In 1831, all colored persons were forbidden to assemble or to attend meetings for religious purposes which were not conducted by a white licensed clergyman or by some respectable white of the neighborhood authorized by the clergyman.
In 1842, it was enacted that any free colored person convicted of becoming or continuing to be a member of any secret society whatever, whether it held its meetings in Maryland, or without, should be deemed a felon, and be fined not less than $50. In default of payment, he should be sold for a term sufficient to pay the fine. For the second offense he should be sold out of the State as a slave for life. In 1845, colored Camp-meetings, and similar outdoor gatherings, were strictly and rigidly forbidden.
In the constitutional convention of 1850-51, a Mr.
Jacobs, of Worcester county, became the author of a bill before the State Legislature which was generally known as the "Jacobs' law," and which stirred the free blacks as, perhaps, no other measure had ever aroused them. Through strenuous efforts the bill was defeated. It had for its object the elimination of all "free" persons of color. Among some of the provisions of this measure were the following: No black should be capable of acquiring real estate in the future; he could not by lease hold any property longer than a year; no free black was permitted to enter the State to remain; no black should be manumitted except on condition that he would leave the State within thirty days. A second "Jacobs' bill" was adopted by the Legislature of 1860, but ere it became effective had to be submitted to the voters of the State at the next ensuing election. This last measure, happily, was defeated by the action of the people. Somerset county was the only county in the State where the bill received a majority of the votes cast. In this last measure manumission was absolutely forbidden, and the way made easy for the return of "free blacks" into slavery.
It was in Baltimore that William Lloyd Garrison began the publication of his paper, "The Genius of Universal Emancipation," declaring that to hold slaves longer in bondage was both unnecessary and tyrannical, that justice demanded their liberation, and that to recompense slave-owners for emancipation would be paying a thief for giving up stolen property.
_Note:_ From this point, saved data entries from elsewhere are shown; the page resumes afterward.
text \<open>Given a square from a core acyclic cofibration \<open>i : A' \<rightarrow> B'\<close> with a map \<open>g : B' \<rightarrow> A'\<close>,
  the lift is \<open>[u, j\<^sub>2 \<circ> \<langle>r \<circ> u \<circ> g, v\<rangle>] \<circ> h\<close>, where \<open>r = [id\<^sub>A, \<pi>\<^sub>1]\<close> and \<open>h\<close> is the section of
  \<open>[i, id]\<close> over \<open>A'\<close>.\<close>
lemma copair_projection_core_fibration:
  assumes pr: "is_product C A B Q \<pi>1 \<pi>2" and cp: "is_coproduct C A Q P j1 j2"
    and p: "p \<in> hom C P B" and pj2: "p \<cdot> j2 = \<pi>2"
  shows "p \<in> RLP C (LLP C (retractions C) \<inter> weq C)"
proof -
  have \<pi>: "\<pi>1 \<in> hom C Q A" "\<pi>2 \<in> hom C Q B" using product_projections[OF pr] by auto
  have j2: "j2 \<in> hom C Q P" using coproduct_injections[OF cp] by auto
  obtain r where r: "r \<in> hom C P A"
    using coproduct_copair[OF cp id_in_hom \<pi>(1)] in_hom_Obj[OF \<pi>(1)] by blast
  have "lifts C i p" if iL: "i \<in> LLP C (retractions C)" and "i \<in> weq C" for i
  proof -
    define A' B' where "A' = Dom C i" and "B' = Cod C i"
    have i: "i \<in> hom C A' B'" using iL arr_in_hom unfolding LLP_def A'_def B'_def by auto
    obtain g where g: "g \<in> hom C B' A'" using weqE[OF \<open>i \<in> weq C\<close>] A'_def B'_def by auto
    have AB': "A' \<in> Obj C" "B' \<in> Obj C" using in_hom_Obj[OF i] by auto
    obtain R k1 k2 where cR: "is_coproduct C A' B' R k1 k2" using coproduct_exists[OF AB'] .
    have k: "k1 \<in> hom C A' R" "k2 \<in> hom C B' R" using coproduct_injections[OF cR] by auto
    obtain \<rho> where \<rho>: "\<rho> \<in> hom C R B'" "\<rho> \<cdot> k1 = i" "\<rho> \<cdot> k2 = Id C B'"
      using coproduct_copair[OF cR i id_in_hom[OF AB'(2)]] by blast
    obtain h where h: "h \<in> hom C B' R" "h \<cdot> i = k1" "\<rho> \<cdot> h = Id C B'"
      using core_cofibration_copair_section[OF iL i cR \<rho>] .
    show ?thesis
    proof (rule liftsI[OF i p])
      fix u v assume u: "u \<in> hom C A' P" and v: "v \<in> hom C B' B" and sq: "p \<cdot> u = v \<cdot> i"
      obtain w where w: "w \<in> hom C B' Q" "\<pi>2 \<cdot> w = v"
        using product_pair[OF pr comp_in_hom[OF comp_in_hom[OF g u] r] v] by blast
      obtain m where m: "m \<in> hom C R P" "m \<cdot> k1 = u" "m \<cdot> k2 = j2 \<cdot> w"
        using coproduct_copair[OF cR u comp_in_hom[OF w(1) j2]] by blast
      have pm: "p \<cdot> m = v \<cdot> \<rho>"
      proof (rule coproduct_ext[OF cR comp_in_hom[OF m(1) p] comp_in_hom[OF \<rho>(1) v]])
        show "(p \<cdot> m) \<cdot> k1 = (v \<cdot> \<rho>) \<cdot> k1"
          using comp_assoc[OF k(1) m(1) p] comp_assoc[OF k(1) \<rho>(1) v] m(2) \<rho>(2) sq by simp
        show "(p \<cdot> m) \<cdot> k2 = (v \<cdot> \<rho>) \<cdot> k2"
          using comp_assoc[OF k(2) m(1) p] m(3) comp_assoc[OF w(1) j2 p] pj2 w(2)
            comp_assoc[OF k(2) \<rho>(1) v] \<rho>(3) comp_id_right[OF v] by simp
      qed
      have "(m \<cdot> h) \<cdot> i = u" using comp_assoc[OF i h(1) m(1)] h(2) m(2) by simp
      moreover have "p \<cdot> (m \<cdot> h) = v"
        using comp_assoc[OF h(1) m(1) p] pm comp_assoc[OF h(1) \<rho>(1) v] h(3) comp_id_right[OF v]
        by simp
      ultimately show "\<exists>h' \<in> hom C B' P. h' \<cdot> i = u \<and> p \<cdot> h' = v"
        using comp_in_hom[OF h(1) m(1)] by blast
    qed
  qed
  then show ?thesis unfolding RLP_def using p by (auto simp: hom_def)
qed

lemma core_factorization_acyclic_cofibration_fibration:
  assumes "f \<in> Arr C"
  shows "\<exists>i p. i \<in> LLP C (retractions C) \<inter> weq C \<and> p \<in> RLP C (LLP C (retractions C) \<inter> weq C)
           \<and> Cod C i = Dom C p \<and> p \<cdot> i = f"
proof -
  define A B where "A = Dom C f" and "B = Cod C f"
  have f: "f \<in> hom C A B" using assms arr_in_hom A_def B_def by simp
  have AB: "A \<in> Obj C" "B \<in> Obj C" using in_hom_Obj[OF f] by auto
  obtain Q \<pi>1 \<pi>2 where pr: "is_product C A B Q \<pi>1 \<pi>2" using product_exists[OF AB] .
  have \<pi>: "\<pi>1 \<in> hom C Q A" "\<pi>2 \<in> hom C Q B" using product_projections[OF pr] by auto
  obtain P j1 j2 where cp: "is_coproduct C A Q P j1 j2"
    using coproduct_exists AB(1) in_hom_Obj[OF \<pi>(1)] by blast
  have j1: "j1 \<in> hom C A P" using coproduct_injections[OF cp] by auto
  obtain p where p: "p \<in> hom C P B" "p \<cdot> j1 = f" "p \<cdot> j2 = \<pi>2"
    using coproduct_copair[OF cp f \<pi>(2)] by blast
  have "j1 \<in> LLP C (retractions C) \<inter> weq C"
    using coproduct_injection_LLP_retractions[OF cp] coproduct_injection_section[OF cp \<pi>(1)]
      sections_weq by blast
  moreover have "p \<in> RLP C (LLP C (retractions C) \<inter> weq C)"
    using copair_projection_core_fibration[OF pr cp p(1,3)] .
  ultimately show ?thesis using in_homD[OF j1] in_homD[OF p(1)] p(2) by metis
qed

lemma core_factorization_cofibration_acyclic_fibration:
  assumes "f \<in> Arr C"
  shows "\<exists>i p. i \<in> LLP C (retractions C) \<and> p \<in> RLP C (LLP C (retractions C) \<inter> weq C) \<inter> weq C
           \<and> Cod C i = Dom C p \<and> p \<cdot> i = f"
proof -
  define A B where "A = Dom C f" and "B = Cod C f"
  have f: "f \<in> hom C A B" using assms arr_in_hom A_def B_def by simp
  have AB: "A \<in> Obj C" "B \<in> Obj C" using in_hom_Obj[OF f] by auto
  obtain P i1 i2 where cp: "is_coproduct C A B P i1 i2" using coproduct_exists[OF AB] .
  have i: "i1 \<in> hom C A P" "i2 \<in> hom C B P" using coproduct_injections[OF cp] by auto
  obtain q where q: "q \<in> hom C P B" "q \<cdot> i1 = f" "q \<cdot> i2 = Id C B"
    using coproduct_copair[OF cp f id_in_hom[OF AB(2)]] by blast
  have "q \<in> retractions C" using q i(2) unfolding retractions_def hom_def by auto
  then have "q \<in> RLP C (LLP C (retractions C) \<inter> weq C) \<inter> weq C"
    using retractions_RLP_LLP retractions_weq by blast
  then show ?thesis
    using coproduct_injection_LLP_retractions[OF cp] in_homD[OF i(1)] in_homD[OF q(1)] q(2)
    by metis
qed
This was in 1829-30. Most stringent laws were passed, with exceedingly heavy fines and imprisonment, for any person, white or black, who in any way aided in the circulation of abolition literature. These laws were particularly severe upon "free blacks." Any such person upon whom such literature was found or who
called for, or received at the postoffice, any such literature, upon conviction, was liable to imprisonment from ten to twenty years. And if any one knew that a person received or possessed such literature, he was liable to a fine of $500 and two months in jail if he failed to report the same.
In Dorchester county, at the April term of the Circuit Court, 1857, a free black was tried before the court on two indictments. On one of these he was found not guilty, but, on the other for knowingly having in his possession a copy of "Uncle Tom's Cabin," he was given the minimum term of ten years. But, this man, in 1862, on the representation of a prominent citizen of Baltimore, that he had been innocent of any attempt at violation of the law, was pardoned by the Governor of Maryland, on the condition of his leaving the State. It was claimed that the book was left in his house by some one who desired to get him into trouble.
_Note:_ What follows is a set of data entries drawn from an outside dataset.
(* Let $f(x)$ be an irreducible nonconstant polynomial in $\mathbb{Z}[x]$. Let $b(x) \in \mathbb{Z}[x]$ be an irreducible polynomial, not associate to $f(x)$ in $\mathbb{Z}[x]$, such that there exists an integer $r_b \geq 2$ with $b(x) \mid f(x^{r_b})$ in $\mathbb{Z}[x]$. Then for every $k \in \mathbb{N}$ and every finite sequence $\sigma = (\sigma_1, \ldots, \sigma_k)$ of natural numbers greater than one with $\prod_{i=1}^k \sigma_i = r_b$, there exists a splitting sequence $F = (f_n(x))_{n \in \mathbb{N}_0}$ of $f(x)$ whose exponent sequence begins with $\sigma_1, \ldots, \sigma_k$ and such that $f_k(x) = b(x)$.
   Context: Let $f(x)$ be an irreducible polynomial in $\mathbb{Z}[x]$ and let $(e_n)_{n \in \mathbb{N}}$ be a sequence of positive integers (the exponent sequence; only finitely many of its terms may be specified, in which case only the corresponding finitely many terms of the sequence below matter). A splitting sequence of $f(x)$ with this exponent sequence is a sequence $F = (f_n(x))_{n \in \mathbb{N}_0}$ of irreducible polynomials in $\mathbb{Z}[x]$ with $f_0(x) = f(x)$ and, for each $k \geq 1$, $f_k(x)$ an (arbitrarily chosen) irreducible divisor in $\mathbb{Z}[x]$ of $f_{k-1}(x^{e_k})$. *)

theory Defs
  imports "HOL-Computational_Algebra.Computational_Algebra"
begin

definition splitting_seq_upto ::
  "int poly \<Rightarrow> (nat \<Rightarrow> nat) \<Rightarrow> nat \<Rightarrow> (nat \<Rightarrow> int poly) \<Rightarrow> bool" where
  "splitting_seq_upto f e k F \<longleftrightarrow>
     F 0 = f \<and>
     (\<forall>j\<in>{1..k}. irreducible (F j) \<and> F j dvd pcompose (F (j - 1)) (monom 1 (e j)))"

end

theory Submission
  imports Defs
begin

text \<open>Write \<open>R\<^sub>j = \<sigma>\<^sub>1 \<cdots> \<sigma>\<^sub>j\<close>. Since \<open>f(x^R\<^sub>k) = (f(x^R\<^sub>k\<^sub>-\<^sub>1))(x^\<sigma>\<^sub>k)\<close> and substituting \<open>x^\<sigma>\<^sub>k\<close>
  is multiplicative, the irreducible, hence prime, polynomial \<open>b\<close> divides \<open>p(x^\<sigma>\<^sub>k)\<close> for
  some irreducible factor \<open>p\<close> of \<open>f(x^R\<^sub>k\<^sub>-\<^sub>1)\<close>. Induction on \<open>k\<close> then builds the splitting
  sequence backwards from \<open>b\<close>.\<close>

lemma pcompose_power_left: "pcompose (p ^ n) q = pcompose p q ^ n"
  by (induction n) (simp_all add: pcompose_1 pcompose_mult)

lemma pcompose_monom_1: "pcompose (monom (1 :: 'a :: comm_semiring_1) n) q = q ^ n"
  by (simp add: monom_altdef pcompose_power_left pcompose_pCons)

lemma pcompose_pcompose_monom_1:
  fixes f :: "'a :: comm_semiring_1 poly"
  shows "pcompose (pcompose f (monom 1 m)) (monom 1 n) = pcompose f (monom 1 (m * n))"
  by (simp add: pcompose_monom_1 monom_power mult.commute flip: pcompose_assoc)

lemma pcompose_monom_1_nonzero:
  fixes f :: "'a :: idom poly"
  assumes "f \<noteq> 0" "n > 0"
  shows "pcompose f (monom 1 n) \<noteq> 0"
  using assms by (simp add: pcompose_eq_0_iff degree_monom_eq)

lemma prime_elem_dvd_pcompose_imp_prime_factor:
  fixes g q :: "'a :: {factorial_ring_gcd, semiring_gcd_mult_normalize} poly"
  assumes "prime_elem b" "g \<noteq> 0" "b dvd pcompose g q"
  obtains p where "prime p" "p dvd g" "b dvd pcompose p q"
proof -
  have "g \<noteq> 0 \<longrightarrow> b dvd pcompose g q \<longrightarrow> (\<exists>p. prime p \<and> p dvd g \<and> b dvd pcompose p q)"
  proof (induction g rule: prime_divisors_induct)
    case zero
    then show ?case by simp
  next
    case (unit u)
    then obtain v where "1 = u * v"
      by (elim dvdE)
    then have "1 = pcompose u q * pcompose v q"
      by (simp add: pcompose_1 flip: pcompose_mult)
    then have "is_unit (pcompose u q)"
      by (rule dvdI)
    then have "\<not> b dvd pcompose u q"
      using assms(1) dvd_unit_imp_unit prime_elem_not_unit by blast
    then show ?case
      by blast
  next
    case (factor p g)
    show ?case
    proof (intro impI)
      assume "p * g \<noteq> 0" "b dvd pcompose (p * g) q"
      then have "b dvd pcompose p q \<or> b dvd pcompose g q"
        using assms(1) by (simp add: pcompose_mult prime_elem_dvd_mult_iff)
      then show "\<exists>p'. prime p' \<and> p' dvd p * g \<and> b dvd pcompose p' q"
      proof
        assume "b dvd pcompose p q"
        with \<open>prime p\<close> show ?thesis
          by (intro exI[of _ p]) simp
      next
        assume "b dvd pcompose g q"
        moreover have "g \<noteq> 0"
          using \<open>p * g \<noteq> 0\<close> by simp
        ultimately obtain p' where "prime p'" "p' dvd g" "b dvd pcompose p' q"
          using factor.IH by blast
        then show ?thesis
          by (intro exI[of _ p']) simp
      qed
    qed
  qed
  then show thesis
    using assms that by blast
qed

lemma splitting_seq_upto_ending_in:
  fixes f b :: "int poly"
  assumes "f \<noteq> 0" "k \<ge> 1" "irreducible b" "\<forall>i\<in>{1..k}. \<sigma> i > 0"
    and "b dvd pcompose f (monom 1 (\<Prod>i=1..k. \<sigma> i))"
  shows "\<exists>F. splitting_seq_upto f \<sigma> k F \<and> F k = b"
  using assms(2-)
proof (induction k arbitrary: b rule: nat_induct_at_least)
  case base
  then show ?case
    by (intro exI[of _ "\<lambda>j. if j = 0 then f else b"]) (auto simp: splitting_seq_upto_def)
next
  case (Suc k)
  let ?g = "pcompose f (monom 1 (\<Prod>i=1..k. \<sigma> i))"
  have "prime_elem b"
    using Suc.prems(1) by (simp add: prime_elem_iff_irreducible)
  moreover have "?g \<noteq> 0"
    using assms(1) Suc.prems(2) by (simp add: pcompose_monom_1_nonzero prod_pos)
  moreover have "b dvd pcompose ?g (monom 1 (\<sigma> (Suc k)))"
    using Suc.prems(3) by (simp add: prod.nat_ivl_Suc' pcompose_pcompose_monom_1)
  ultimately obtain p where p: "prime p" "p dvd ?g" "b dvd pcompose p (monom 1 (\<sigma> (Suc k)))"
    by (rule prime_elem_dvd_pcompose_imp_prime_factor)
  moreover have "\<forall>i\<in>{1..k}. \<sigma> i > 0"
    using Suc.prems(2) by simp
  ultimately obtain F where "splitting_seq_upto f \<sigma> k F" "F k = p"
    using Suc.IH by (meson prime_imp_prime_elem prime_elem_imp_irreducible)
  then have "splitting_seq_upto f \<sigma> (Suc k) (F(Suc k := b))"
    using Suc.prems(1) p(3) Suc.hyps by (auto simp: splitting_seq_upto_def le_Suc_eq)
  then show ?case
    by auto
qed

theorem lemma3p5:
  fixes f b :: "int poly" and r :: nat
  assumes "irreducible f" and "degree f > 0"
    and "irreducible b" and "\<not> (b dvd f \<and> f dvd b)"
    and "r \<ge> 2" and "b dvd pcompose f (monom 1 r)"
  shows "\<forall>(k::nat) (\<sigma>::nat \<Rightarrow> nat).
           (\<forall>i\<in>{1..k}. \<sigma> i > 1) \<and> (\<Prod>i=1..k. \<sigma> i) = r \<longrightarrow>
           (\<exists>F. splitting_seq_upto f \<sigma> k F \<and> F k = b)"
proof (intro allI impI)
  fix k and \<sigma> :: "nat \<Rightarrow> nat"
  assume \<sigma>: "(\<forall>i\<in>{1..k}. \<sigma> i > 1) \<and> (\<Prod>i=1..k. \<sigma> i) = r"
  have "k \<ge> 1"
    using \<sigma> \<open>r \<ge> 2\<close> by (cases k) auto
  moreover have "f \<noteq> 0"
    using \<open>degree f > 0\<close> by auto
  moreover have "\<forall>i\<in>{1..k}. \<sigma> i > 0"
    using \<sigma> by auto
  ultimately show "\<exists>F. splitting_seq_upto f \<sigma> k F \<and> F k = b"
    using splitting_seq_upto_ending_in \<sigma> assms(3,6) by blast
qed

end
John Wesley characterized Slavery as "The sum of all villainies." Certainly, it was an extremely degrading institution. The early founders of the Republic soon realized the enormity of the evil. They endeavored to overthrow it, but failed. As it began to be immensely profitable to the people living in the southern section of the country, its roots became firmly entrenched, and, finally, involved the nation in one of the most distressing and painful civil wars in the annals of history.
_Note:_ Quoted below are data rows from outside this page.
(* Let $r\in\mathbb{N}\setminus\{0\}$ and let \[ G=\left\langle a_1,\ldots,a_r,t_1,\ldots,t_r \;\middle|\; a_ia_j=a_ja_i,\ t_it_j=t_jt_i,\ t_i^2=1,\ t_i^{-1}a_jt_i=\begin{cases}a_j & i\neq j\\ a_i^{-1} & i=j\end{cases}\ (1\le i,j\le r)\right\rangle . \] Let $s\in\mathbb{N}\setminus\{0\}$. Then $\alpha_{G\times\mathbb{Z}^s}\sim (n\mapsto n^{r+1})$. In particular, for every $m,k\in\mathbb{N}\setminus\{0\}$ with $m\geq k$, there is a virtually abelian group of rank $m$ whose automorphic growth rate is $n\mapsto n^k$.
   Context: For a finitely generated group $G$ with finite generating set $\Sigma$, the automorphic growth function $\alpha_{G,\Sigma}\colon\mathbb{N}\to\mathbb{N}$ sends $n$ to the number of orbits of the natural action of $\operatorname{Aut}(G)$ on $G$ that contain an element of word length at most $n$ with respect to $\Sigma$. For non-decreasing non-zero functions $f,g\colon\mathbb{N}\to\mathbb{N}$ write $f\preccurlyeq g$ if there is $\lambda\in\mathbb{N}\setminus\{0\}$ with $f(n)\le\lambda g(\lambda n+\lambda)+\lambda$ for all $n$, and $f\sim g$ if $f\preccurlyeq g$ and $g\preccurlyeq f$. The $\sim$-class of $\alpha_{G,\Sigma}$ does not depend on $\Sigma$ and is denoted $\alpha_G$ (the automorphic growth rate). The rank of a finitely generated virtually abelian group is the rank of a finite-index free abelian subgroup. *)

theory Defs
  imports "HOL-Algebra.Coset" "HOL-Algebra.Generated_Groups"
begin

definition wordlen :: "('a, 'b) monoid_scheme \<Rightarrow> 'a set \<Rightarrow> 'a \<Rightarrow> nat" where
  "wordlen G S g = (LEAST n. \<exists>ws. length ws = n \<and> set ws \<subseteq> S \<union> m_inv G ` S
                              \<and> foldr (\<lambda>x y. x \<otimes>\<^bsub>G\<^esub> y) ws \<one>\<^bsub>G\<^esub> = g)"

definition aut_orbit :: "('a, 'b) monoid_scheme \<Rightarrow> 'a \<Rightarrow> 'a set" where
  "aut_orbit G g = {\<phi> g | \<phi>. \<phi> \<in> iso G G}"

definition autgrowth :: "('a, 'b) monoid_scheme \<Rightarrow> 'a set \<Rightarrow> nat \<Rightarrow> nat" where
  "autgrowth G S n = card (aut_orbit G ` {g \<in> carrier G. wordlen G S g \<le> n})"
lemma infinite_path_of_class_cycle:
  fixes R :: "'a \<Rightarrow> 'a \<Rightarrow> bool" and cls :: "'a \<Rightarrow> 'b"
  assumes sim: "\<And>v w v'. P v \<Longrightarrow> P w \<Longrightarrow> cls v = cls w \<Longrightarrow> R v v' \<Longrightarrow> \<exists>w'. R w w' \<and> cls w' = cls v'"
    and closed: "\<And>v v'. P v \<Longrightarrow> R v v' \<Longrightarrow> P v'"
    and edges: "\<And>m. \<exists>v v'. P v \<and> cls v = c m \<and> R v v' \<and> cls v' = c (Suc m)"
  shows "\<exists>vs. P (vs 0) \<and> (\<forall>i. R (vs i) (vs (Suc i)))"
proof -
  have "\<exists>vs. \<forall>m. (P (vs m) \<and> cls (vs m) = c m) \<and> R (vs m) (vs (Suc m))"
  proof (rule dependent_nat_choice)
    show "\<exists>v. P v \<and> cls v = c 0" using edges[of 0] by blast
  next
    fix v m assume v: "P v \<and> cls v = c m"
    obtain u u' where u: "P u" "cls u = c m" "R u u'" "cls u' = c (Suc m)"
      using edges by blast
    with v sim obtain v' where "R v v'" "cls v' = c (Suc m)" by metis
    with v closed show "\<exists>v'. (P v' \<and> cls v' = c (Suc m)) \<and> R v v'" by blast
  qed
  then show ?thesis by blast
qed

lemma infinite_path_of_long_path:
  fixes R :: "'a \<Rightarrow> 'a \<Rightarrow> bool" and cls :: "'a \<Rightarrow> 'b"
  assumes fin: "finite (cls ` Collect P)"
    and sim: "\<And>v w v'. P v \<Longrightarrow> P w \<Longrightarrow> cls v = cls w \<Longrightarrow> R v v' \<Longrightarrow> \<exists>w'. R w w' \<and> cls w' = cls v'"
    and closed: "\<And>v v'. P v \<Longrightarrow> R v v' \<Longrightarrow> P v'"
    and path: "P (u 0)" "\<forall>i<n. R (u i) (u (Suc i))"
    and long: "card (cls ` Collect P) \<le> n"
  shows "\<exists>vs. P (vs 0) \<and> (\<forall>i. R (vs i) (vs (Suc i)))"
proof -
  have P_u: "P (u i)" if "i \<le> n" for i
    using that
  proof (induction i)
    case (Suc i)
    then show ?case using closed path(2) by simp
  qed (use path(1) in simp)
  have "(cls \<circ> u) ` {0..n} \<subseteq> cls ` Collect P" using P_u by auto
  then have "card ((cls \<circ> u) ` {0..n}) \<le> card (cls ` Collect P)"
    using fin by (rule card_mono[rotated])
  then have "card ((cls \<circ> u) ` {0..n}) < card {0..n}" using long by simp
  then obtain i j where ij: "i < j" "j \<le> n" "cls (u i) = cls (u j)"
    using pigeonhole unfolding inj_on_def
    by (metis atLeastAtMost_iff comp_apply linorder_neqE_nat)
  define p where "p = j - i"
  define c where "c m = cls (u (i + m mod p))" for m
  have edges: "\<exists>v v'. P v \<and> cls v = c m \<and> R v v' \<and> cls v' = c (Suc m)" for m
  proof (intro exI conjI)
    let ?k = "i + m mod p"
    have "m mod p < p" using ij by (simp add: p_def)
    then have "?k < j" by (simp add: p_def)
    then show "P (u ?k)" "R (u ?k) (u (Suc ?k))" using P_u path ij by auto
    show "cls (u ?k) = c m" by (simp add: c_def)
    show "cls (u (Suc ?k)) = c (Suc m)"
    proof (cases "Suc (m mod p) = p")
      case True
      then have "Suc ?k = j" "Suc m mod p = 0" using ij by (auto simp: p_def mod_Suc)
      then show ?thesis using ij by (simp add: c_def)
    next
      case False
      then show ?thesis by (simp add: c_def mod_Suc)
    qed
  qed
  from sim closed edges show ?thesis by (rule infinite_path_of_class_cycle)
qed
In 1773, Patrick Henry said: "A serious view of this subject gives a gloomy prospect to future times." The same year, George Mason wrote to the Virginia Legislature: "The laws of impartial Providence may avenge our injustice upon our posterity." Adjusting his conduct to his convictions, Thomas Jefferson, in Virginia, and in the Continental Congress, with the approval of Edmund Pendleton, branded the slave trade as piracy; and he fixed in the Declaration of Independence, as the corner-stone of America: "All men are created equal with an unalienable right to liberty." In laboring in the direction of Emancipation, Jefferson encountered exceedingly great difficulties, and was forced to exclaim: "I tremble for my country when I reflect that God is just, that His justice cannot sleep forever." It was the desire of the heart of George Washington that Virginia should remove slavery by a public act; and as hope grew more dim, he did all that he
could by bequeathing freedom to his own slaves. Madison said: "Slavery is the greatest evil under which the nation labors--a portentous evil--and an evil moral, political and economical--a sad blot on our free country." Old age found him with the lamentation: "No satisfactory plan has yet been devised for taking out the stain."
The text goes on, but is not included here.